Olive had multiple scholarships to cover the cost of her education, but there was tension in the household during Birdy’s senior year because she wanted to attend a college that was out of the family’s financial reach. “Birdy really wanted to go out of state,” her friend Corrie Jameson remembers. And not just to Wisconsin—Birdy was ready to fly the nest all the way to California. Discussions of their younger daughter’s future plans were rampant that June as Birdy complained it wasn’t fair that Olive got to pursue her dream and the parents countered with an offer of exactly how much they were putting toward Olive’s education, challenging Birdy to make up the rest in scholarships.

“Birdy didn’t want a job,” classmate Kendra Heikkinen recalls. “The way she figured, she couldn’t work up enough to pay for her first year, anyway, so someone else had to do it. But you have to remember we were seventeen,” she adds with a bit of surprise in her voice, like she’s forgotten how much time has passed since their senior year.

It seems to have been the common growing pains of parents and a teenager ready to tackle adulthood. Emails saved to Birdy’s computer detail a loving relationship between the sisters, likely encouraged by the fact that, for the first time in their lives, they weren’t living under the same roof. The sisters wrote to each other almost daily, with Birdy complaining about their parents and the current high school drama and Olive reporting back on classes, new friends, and occasional updates on her continued relationship with her high school boyfriend, Eli Chapman. During her own senior year, Birdy started dating Eli’s cousin, Jared.

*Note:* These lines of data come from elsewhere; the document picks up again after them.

(* Let $\alpha>-1$, $0\le\gamma<2+\alpha$, $\beta\in\{0,1/3\}$, and let $\sigma$ be a weight on $\mathcal H$. There is a constant $C>0$ (independent of $f$ and $\lambda$) such that for every $f$ and every $\lambda>0$, $$|\{z\in\mathcal H:\mathcal M^{d,\beta}_{\sigma,\alpha,\gamma}f(z)>\lambda\}|_{\sigma,\alpha}\le C\left(\frac1\lambda\int_{\mathcal H}|f|\sigma\,dV_\alpha\right)^{\frac{2+\alpha}{2+\alpha-\gamma}}.$$
   Context: $\mathcal H=\{x+iy:x\in\mathbb R,\ y>0\}$; for $\alpha>-1$, $dV_\alpha(x+iy)=y^\alpha dx\,dy$. A weight is a nonnegative locally integrable function; $|E|_{\sigma,\alpha}=\int_E\sigma dV_\alpha$. For an interval $I$, $Q_I=\{x+iy:x\in I,0<y<|I|\}$. For $\beta\in\{0,1/3\}$, the dyadic grid is $\mathcal D^\beta=\{2^j([0,1)+m+(-1)^j\beta): m\in\mathbb Z, j\in\mathbb Z\}$. The dyadic weighted fractional maximal function is $\mathcal M^{d,\beta}_{\sigma,\alpha,\gamma}f(z)=\sup_{I\in\mathcal D^\beta,\ z\in Q_I}\frac{1}{|Q_I|_{\sigma,\alpha}^{1-\frac{\gamma}{2+\alpha}}}\int_{Q_I}|f|\sigma\,dV_\alpha$. *)

theory Defs
  imports "HOL-Analysis.Analysis"
begin

definition upper_half :: "complex set" where
  "upper_half = {z. 0 < Im z}"

text \<open>Real power on extended nonnegative reals (exponent p > 0 in all uses):
  infinity goes to infinity, finite values use real powr (with 0 powr p = 0).\<close>
definition ennpow :: "ennreal \<Rightarrow> real \<Rightarrow> ennreal" where
  "ennpow x p = (if x = top then top else ennreal (enn2real x powr p))"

On the night of June 19th, the Clark family was divided. Birdy and mother Wendy were home in South Range, preparing to have a girly-girl night and, perhaps, to once again rehash why Birdy should pick an in-state school. Randy and Olive were out at the family camp near Covington. This put them out of reach of electricity, indoor plumbing, and even cell phone signals. Father and daughter stayed up late star gazing and talking about the future. It wasn’t until a police car made its way up the long two-track lane on the morning of the 20th that they knew something was wrong.

Neighbors reported a disturbance around 11 p.m. on the night of the 19th, although descriptions were vague. They had heard noises and one man reported seeing someone running away from the house, but it was dark and the figure, by then out of range of the garage’s motion-sensor light, was never positively identified. When the police arrived to do a wellness check, they discovered Birdy just inside the front door and Wendy further inside the living room. Both had been hit with buck shot from a standard 12 gauge shot gun, the daughter in the head and the mother in the chest. Neither was still alive when the police found them.

Even though father and older daughter were only about 50 miles away and both had cell phones, it took hours for the police to track them down because they were in a dead zone. It took further hours to determine that father and daughter were each other’s alibi, and that they could vouch for all the hours in question: Randy is an amateur astronomer, and both he and Olive were up until the wee hours of the morning looking at the constellations. Even without this alibi, Randy and Olive would have quickly been cleared. Suspicion immediately fell on Eli Chapman.